◆ What you have to do ◆
All the data should be printed again exactly as written.

◆ Stored dataset items ◆
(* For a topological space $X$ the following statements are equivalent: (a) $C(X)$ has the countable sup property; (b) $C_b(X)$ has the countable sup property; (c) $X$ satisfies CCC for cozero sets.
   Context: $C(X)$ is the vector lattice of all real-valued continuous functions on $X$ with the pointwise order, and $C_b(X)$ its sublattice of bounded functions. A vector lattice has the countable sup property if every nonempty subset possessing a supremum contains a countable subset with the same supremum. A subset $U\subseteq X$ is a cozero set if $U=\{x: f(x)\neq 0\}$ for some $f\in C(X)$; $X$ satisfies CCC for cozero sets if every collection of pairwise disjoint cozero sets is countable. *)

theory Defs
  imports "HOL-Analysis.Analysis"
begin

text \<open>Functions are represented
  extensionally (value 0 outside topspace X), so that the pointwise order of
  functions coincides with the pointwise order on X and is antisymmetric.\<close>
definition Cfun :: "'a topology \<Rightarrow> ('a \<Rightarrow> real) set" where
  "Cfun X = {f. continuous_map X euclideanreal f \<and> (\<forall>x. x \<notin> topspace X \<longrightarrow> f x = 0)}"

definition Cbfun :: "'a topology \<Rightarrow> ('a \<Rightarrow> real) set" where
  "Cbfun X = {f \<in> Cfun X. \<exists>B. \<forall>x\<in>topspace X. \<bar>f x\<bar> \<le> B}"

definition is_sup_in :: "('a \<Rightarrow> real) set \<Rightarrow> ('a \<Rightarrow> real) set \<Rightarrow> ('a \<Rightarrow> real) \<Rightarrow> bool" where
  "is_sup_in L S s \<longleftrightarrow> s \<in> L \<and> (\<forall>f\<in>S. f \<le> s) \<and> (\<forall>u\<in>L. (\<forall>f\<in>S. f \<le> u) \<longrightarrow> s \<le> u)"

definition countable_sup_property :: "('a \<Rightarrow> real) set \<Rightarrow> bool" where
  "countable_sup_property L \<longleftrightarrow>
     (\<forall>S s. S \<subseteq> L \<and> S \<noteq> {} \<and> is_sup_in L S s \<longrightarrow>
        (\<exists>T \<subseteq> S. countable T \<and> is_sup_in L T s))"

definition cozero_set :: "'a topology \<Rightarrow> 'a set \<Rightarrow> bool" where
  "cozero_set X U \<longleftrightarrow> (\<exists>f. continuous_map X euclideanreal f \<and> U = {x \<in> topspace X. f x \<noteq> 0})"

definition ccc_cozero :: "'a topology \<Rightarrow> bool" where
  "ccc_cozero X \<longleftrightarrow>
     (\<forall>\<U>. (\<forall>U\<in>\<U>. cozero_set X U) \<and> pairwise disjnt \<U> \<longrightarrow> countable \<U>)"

◆ Output of the exercise ◆
(* For a topological space $X$ the following statements are equivalent: (a) $C(X)$ has the countable sup property; (b) $C_b(X)$ has the countable sup property; (c) $X$ satisfies CCC for cozero sets.
   Context: $C(X)$ is the vector lattice of all real-valued continuous functions on $X$ with the pointwise order, and $C_b(X)$ its sublattice of bounded functions. A vector lattice has the countable sup property if every nonempty subset possessing a supremum contains a countable subset with the same supremum. A subset $U\subseteq X$ is a cozero set if $U=\{x: f(x)\neq 0\}$ for some $f\in C(X)$; $X$ satisfies CCC for cozero sets if every collection of pairwise disjoint cozero sets is countable. *)

theory Defs
  imports "HOL-Analysis.Analysis"
begin

text \<open>Functions are represented
  extensionally (value 0 outside topspace X), so that the pointwise order of
  functions coincides with the pointwise order on X and is antisymmetric.\<close>
definition Cfun :: "'a topology \<Rightarrow> ('a \<Rightarrow> real) set" where
  "Cfun X = {f. continuous_map X euclideanreal f \<and> (\<forall>x. x \<notin> topspace X \<longrightarrow> f x = 0)}"

definition Cbfun :: "'a topology \<Rightarrow> ('a \<Rightarrow> real) set" where
  "Cbfun X = {f \<in> Cfun X. \<exists>B. \<forall>x\<in>topspace X. \<bar>f x\<bar> \<le> B}"

definition is_sup_in :: "('a \<Rightarrow> real) set \<Rightarrow> ('a \<Rightarrow> real) set \<Rightarrow> ('a \<Rightarrow> real) \<Rightarrow> bool" where
  "is_sup_in L S s \<longleftrightarrow> s \<in> L \<and> (\<forall>f\<in>S. f \<le> s) \<and> (\<forall>u\<in>L. (\<forall>f\<in>S. f \<le> u) \<longrightarrow> s \<le> u)"

definition countable_sup_property :: "('a \<Rightarrow> real) set \<Rightarrow> bool" where
  "countable_sup_property L \<longleftrightarrow>
     (\<forall>S s. S \<subseteq> L \<and> S \<noteq> {} \<and> is_sup_in L S s \<longrightarrow>
        (\<exists>T \<subseteq> S. countable T \<and> is_sup_in L T s))"

definition cozero_set :: "'a topology \<Rightarrow> 'a set \<Rightarrow> bool" where
  "cozero_set X U \<longleftrightarrow> (\<exists>f. continuous_map X euclideanreal f \<and> U = {x \<in> topspace X. f x \<noteq> 0})"

definition ccc_cozero :: "'a topology \<Rightarrow> bool" where
  "ccc_cozero X \<longleftrightarrow>
     (\<forall>\<U>. (\<forall>U\<in>\<U>. cozero_set X U) \<and> pairwise disjnt \<U> \<longrightarrow> countable \<U>)"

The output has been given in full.